I would guess that other database systems supports joins of type inner join. Especially since a lot of Drupal core uses joins by default.
But optimizing or not, it seems that the current queries simply don't work on any Drupal installation of a certain size for those that use MySQL.
This site has 1.6 mill nodes and 2.4 million term node connections.
We are already setting up some other sites for Apache Solr support, with 5+ million nodes. But it's a bit tiresome to always have to rewrite "stock modules".
#3
Ah would love to see a patch (drupal.org/patch) and would love to see the EXPLAIN for before and after.
The debate for and against subqueries/JOINS continues on!
#4
it doesn't look like postgres supports this syntax
#5
Looks like Postgres can use a similar but incompatible syntax like:
UPDATE {apachesolr_search_node} sn SET changed = %d FROM {node} n WHERE sn.nid=n.nid AND n.uid = %dhttp://www.postgresql.org/docs/8.0/static/sql-update.html
#6
I'm not trying to start a join vs. subqueries discussion.

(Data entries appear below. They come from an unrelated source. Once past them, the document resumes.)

lemma trace_joinsD:
  assumes "M \<in> trace_joins X1 X2 t i"
  shows "vec.subspace M \<and> vec.dim M + i = 2 * t"
proof -
  obtain I A B where I: "vec.dim I = i" and M: "M = vec.span (A \<union> B)"
    and A: "A \<in> subspaces_trace X1 (X1 \<inter> X2) I t" and B: "B \<in> subspaces_trace X2 (X1 \<inter> X2) I t"
    using assms unfolding trace_joins_def by blast
  have "A \<inter> B = I" using A B unfolding subspaces_trace_def by blast
  then show ?thesis
    using dim_span_Un_Int[of A B] A B I M unfolding subspaces_trace_def by auto
qed

lemma restr_family_covered_by_trace_joins:
  fixes \<F> :: "('a::{field,finite}^'n) set set"
  assumes "\<forall>F\<in>\<F>. vec.subspace F" and X: "vec.subspace X1" "vec.subspace X2" and "i \<le> t"
    and F: "F \<in> restr_family \<F> X1 X2 t i"
  shows "\<exists>M\<in>trace_joins X1 X2 t i. M \<subseteq> F"
proof -
  have F': "vec.subspace F" "t \<le> vec.dim (F \<inter> X1)" "t \<le> vec.dim (F \<inter> X2)" "vec.dim (F \<inter> X1 \<inter> X2) = i"
    using F assms(1) unfolding restr_family_def by auto
  define I where "I = F \<inter> (X1 \<inter> X2)"
  have I: "vec.subspace I" "vec.dim I = i" "I \<subseteq> X1 \<inter> X2"
    using F'(1,4) X unfolding I_def by (auto simp: Int_assoc intro!: vec.subspace_inter)
  have "\<exists>A. A \<in> subspaces_trace X (X1 \<inter> X2) I t \<and> A \<subseteq> F"
    if X_sub: "vec.subspace X" and X12: "X1 \<inter> X2 \<subseteq> X" and dim_X: "t \<le> vec.dim (F \<inter> X)" for X
  proof -
    have "vec.subspace (F \<inter> X)" using F'(1) X_sub by (rule vec.subspace_inter)
    moreover have "I \<subseteq> F \<inter> X" using X12 unfolding I_def by blast
    ultimately obtain A where "vec.subspace A" "I \<subseteq> A" "A \<subseteq> F \<inter> X" "vec.dim A = t"
      using exists_subspace_between[OF I(1)] I(2) \<open>i \<le> t\<close> dim_X by metis
    moreover from this have "A \<inter> (X1 \<inter> X2) = I" unfolding I_def using X12 by blast
    ultimately show ?thesis unfolding subspaces_trace_def by blast
  qed
  then obtain A B where "A \<in> subspaces_trace X1 (X1 \<inter> X2) I t" "A \<subseteq> F"
      "B \<in> subspaces_trace X2 (X1 \<inter> X2) I t" "B \<subseteq> F"
    using X F'(2,3) by (metis Int_lower1 Int_lower2)
  moreover from this have "vec.span (A \<union> B) \<subseteq> F" using F'(1) by (intro vec.span_minimal) auto
  ultimately show ?thesis using I unfolding trace_joins_def by blast
qed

Just voicing my experience with the current code and MySQL. If 90% of all Drupal installations are on MySQL (anyone have any numbers?), having queries which are highly unoptimized for MySQL does not seem to be overly clever.
Scott Reynolds, is there a way to do an EXPLAIN on an update query with subquery?
#7
Discussed this with David Strauss - MySQL might handle this better in MySQL 6, but likely to support this better in the module we'll need to switch on the DB type. I have no idea how that will work in D7.
#8
Nope, apparently I hadn't had my coffee yet before posting that comment :-D
Incompatible how? Does it accomplish exactly what the original query was doing? I believe MySQL supports that syntax as well. http://dev.mysql.com/doc/refman/5.0/en/update.html
#9
Mysql orders the table references differently and does not use the "FROM" keyword. I tried it before posting the above. MySQL can do something like:
UPDATE {apachesolr_search_node} sn, {node} n SET changed = %d WHERE sn.nid=n.nid AND n.uid = %dcompared to Postgres, where the table being updated is the only one before the SET:
UPDATE {apachesolr_search_node} sn SET changed = %d FROM {node} n WHERE sn.nid=n.nid AND n.uid = %d#10
I've spent some time trying to find ways to make this work.

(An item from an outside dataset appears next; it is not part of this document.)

(* In a public goods economy (as in the context), let $\mathbf{a}$ be an outcome with $\mathbf{0}<\mathbf{a}<\mathbf{1}$. Then $\mathbf{a}$ is Pareto efficient if and only if there exist directions $\mathbf{v}_{up}>\mathbf{0}$ and $\mathbf{v}_{down}<\mathbf{0}$ such that $\mathbf{d}_{\mathbf{v}_{up}}\mathbf{u}(\mathbf{a})\le\mathbf{0}$ and $\mathbf{d}_{\mathbf{v}_{down}}\mathbf{u}(\mathbf{a})\le\mathbf{0}$.
   Context: Agents $N=\{1,\dots,n\}$; outcomes are vectors in $[0,1]^n$. Vector orderings: $\mathbf{x}\ge\mathbf{y}$ (resp. $\le$) means $x_i\ge y_i$ (resp. $\le$) for all $i$; $\mathbf{x}>\mathbf{y}$ (resp. $<$) means strict inequality in every coordinate; $\mathbf{x}\gneq\mathbf{y}$ means $\mathbf{x}\ge\mathbf{y}$ and $x_j>y_j$ for some $j$. The utility function $\mathbf{u}:[0,1]^n\to[0,1]^n$ is continuous, concave, and has positive externalities: whenever $\mathbf{a}\gneq\mathbf{a}'$ and $a_i=a'_i$, then $u_i(\mathbf{a})>u_i(\mathbf{a}')$. $\mathbf{a}$ is Pareto efficient if there is no outcome $\mathbf{a}'$ with $\mathbf{u}(\mathbf{a}')\gneq\mathbf{u}(\mathbf{a})$. For $\mathbf{v}\in\mathbb{R}^n$, $\mathbf{d}_{\mathbf{v}}\mathbf{u}(\mathbf{a}):=\lim_{\lambda\to0^+}\frac{\mathbf{u}(\mathbf{a}+\lambda\mathbf{v})-\mathbf{u}(\mathbf{a})}{\lambda}$ is the one-sided directional derivative. *)

theory Defs
  imports "HOL-Analysis.Analysis"
begin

It seems that MySQL really has some problems with "WHERE IN (subquery)" because of it's query optimizing algorithms. Found some more technical documentation, where someone proved that doing a "WHERE IN (subquery (subquery))" would force MySQL to create a temporary result set for the inner most query. Didn't read too much into it, because it seems to me that would just be trying to solve the problem in a "wrong way" :)
But I am curious.
Does someone have a large data set to test these queries in PostgreSQL or any other database?
Is this the proper way to write such queries - query with subquery?
#11
Looks like we need to switch on DB type if we want to support this - anyone want to roll a patch and test it?
#12
David Straus mentions that MySQL 6 will handle this bettter, but that's a ways off: http://www.scribd.com/doc/2546837/New-Subquery-Optimizations-In-MySQL-6
#13
let's get this fixed before the next release
#14
One possible improvement is changing OR to UNION.
From:
UPDATE {apachesolr_search_node} SET changed = %d WHERE nid IN (SELECT nid FROM {node} WHERE type = '%s' OR type = '%s')To:
UPDATE {apachesolr_search_node} SET changed = %d WHERE nid IN (SELECT nid FROM {node} WHERE type = '%s' UNION SELECT nid FROM {node} WHERE type = '%s')I think this is PgSQL compatible.
#15
I think the problem is the IN query, not the OR
#16
untested patch
#17
#18
Seems like that last query deletes from the {node} table too!!!
#19
ok, this form seems to behave as expected for the delete.
#20
Quick test to all 3 types of changes - looks ok. Committing to 5.x-2.x, 6.x-1.x, 6.x-2.x.
Needs to be ported to HEAD.
#21
a couple of ideas spring to mind for the D7 port of this.
first, it seems weird to hold on to a real-time update that could be potentially server-bashing, when all we are doing is marking stuff for the real work to happen later. why not just record the type of change and the relevant data, and push all the work to the "do it later" code?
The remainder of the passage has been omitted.